The Austin Film Festival Brings the Terror of Motherhood in Nanny
New Voice Award winner Nikyatu Jusu looks at horror with a Black woman's gaze
By Jenny Nulf, Fri., Oct. 21, 2022
The abject terrors of motherhood are a fertile subject for horror, and permeate the soul of director and writer Nikyatu Jusu's first feature film, Nanny. It's a multifaceted exploration of motherhood, from the point of view of an undocumented immigrant who finds a job as a nanny to save up money to bring over her own child from Senegal.
It's no surprise that Jusu (who will receive this year's Austin Film Festival New Voice Award) counts two films about imperfect mothers, Jennifer Kent's The Babadook and Kasi Lemmons' Eve's Bayou, among her favorites. "These are mothers navigating grief, navigating trauma," Jusu elaborated. "We live in a society that professes to love mothers and support motherhood, and support the culture of procreation for mothers, however it does everything in action to the contrary. There's so much lack of support for mothers, and there's medical inequity and medical racism for Black and Indigenous mothers … It's kind of a horror story in a sense to me."
There are two very different displays of motherhood in Nanny. Aisha (Anna Diop) takes the center stage but her foil is her employer, Amy (Michelle Monaghan), an upper-class New York City housewife who struggles to be both the breadwinner and a mother. Jusu has empathy for the characters she writes, even her antagonists. "There are pieces of me in Amy, there are pieces of me in Aisha, both who are doing disproportionate domestic labor in a system that professes to support mothers," Jusu said. "Bearing a child takes its toll on your body, which is why I also think there's a lot of body horror that explores motherhood."
The stylization of Nanny is meant to put you in Aisha's headspace, and the use of purples and blues evokes a sense of being underwater. "The ambiguity of water is really interesting to me," Jusu explained. "It's entrenched in my lineage, and it's the reason why I'm here. Enslaved people were shipped over in these massive ships over massive bodies of water. Some of these potentially enslaved people chose to fling their bodies over ships and into the water, committing suicide. People were thrown overboard because they were sick and became useless in the conduit.
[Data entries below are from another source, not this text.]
text \<open>
  The exponent of a polynomial lower bound for \<open>G\<close> bootstraps. If \<open>G t \<ge> D t^\<alpha>\<close> for large
  \<open>t\<close>, integrating \<open>H' \<ge> C \<langle>t\<rangle>^(-a) G^q\<close> gives \<open>H t \<ge> c t^(q \<alpha> + 1 - a)\<close>; on each window
  \<open>[t - 1, t]\<close> the damped inequality \<open>G'' + 2 G' \<ge> C \<langle>t\<rangle>^(-b) H^p\<close> then bounds \<open>G' t\<close> from
  below by a multiple of \<open>t^(p (q \<alpha> + 1 - a) - b)\<close>, and one more integration gives
  \<open>G t \<ge> D' t^(p q \<alpha> + \<delta>)\<close> with \<open>\<delta> = p (1 - a) - b + 1\<close>. For \<open>a = (n - 1)/2 (q - 1)\<close> and
  \<open>b = (n - 1)/2 (p - 1)\<close> one has \<open>\<delta> = p + 1 - (n - 1)/2 (p q - 1) > 0\<close>, so starting from
  \<open>G \<ge> C \<epsilon>\<close> every round raises the exponent by at least \<open>\<delta>\<close>.
\<close>

lemma powr_lower_bound_from_derivative:
  fixes f f' :: "real \<Rightarrow> real"
  assumes T: "T > 0" and \<beta>: "\<beta> > 0" and c: "c \<ge> 0"
    and deriv: "\<And>s. s \<ge> T \<Longrightarrow> (f has_real_derivative f' s) (at s)"
    and f'_ge: "\<And>s. s \<ge> T \<Longrightarrow> f' s \<ge> c * s powr (\<beta> - 1)"
    and f_T: "f T \<ge> 0" and t: "t \<ge> 2 * T"
  shows "f t \<ge> c / \<beta> * (1 - 2 powr (-\<beta>)) * t powr \<beta>"
proof -
  define g where "g s = f s - c / \<beta> * s powr \<beta>" for s
  have "g T \<le> g t"
  proof (rule deriv_nonneg_imp_mono[where a = T and b = t and g = g
        and g' = "\<lambda>s. f' s - c * s powr (\<beta> - 1)"])
    fix s assume s: "s \<in> {T..t}"
    then have "s > 0" using T by simp
    then show "(g has_real_derivative f' s - c * s powr (\<beta> - 1)) (at s)"
      unfolding g_def using deriv s \<beta> by (auto intro!: derivative_eq_intros)
    show "f' s - c * s powr (\<beta> - 1) \<ge> 0" using f'_ge s by simp
  qed (use T t in simp)
  then have f_ge: "f t \<ge> c / \<beta> * (t powr \<beta> - T powr \<beta>)"
    using f_T unfolding g_def by (simp add: algebra_simps)
  have "T powr \<beta> \<le> (t / 2) powr \<beta>" using T t \<beta> by (intro powr_mono2) auto
  also have "\<dots> = 2 powr (-\<beta>) * t powr \<beta>" by (simp add: powr_divide powr_minus divide_simps)
  finally have "(1 - 2 powr (-\<beta>)) * t powr \<beta> \<le> t powr \<beta> - T powr \<beta>" by (simp add: algebra_simps)
  then show ?thesis
    using f_ge mult_left_mono[of _ _ "c / \<beta>"] c \<beta> by fastforce
qed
"I think that water is such a vessel of history for those of us who are not the center of most stories, those who are of non-European and nonwhite lineage. Everyone can acknowledge water's capacity to create destruction."
Nanny also explores supernatural forces that Jusu called "figures of rebellion," forces utilized by the African diaspora to survive the horror of being taken from their homeland. "I love culturally specific folklore," the filmmaker said. "It's a reason why most of my influences are outside of the American cinematic paradigm. We are a nation of immigrants, so it makes sense for immigrant folklore to also be a very American type of folklore."
With her first feature off the ground, Jusu plans to continue navigating the horrors of what it means to be a mother. "I'm constantly navigating the dance of exploring the monster externally and the monster in us all," she added. "The genre allows me to center Black women protagonists in particular in a genre that ushers in a wider audience, because I don't think [an] American [or] global audience is conditioned to see the world through the Black woman's gaze. It's a genre that allows me to take liberties, but it's also a genre that allows me to have fun."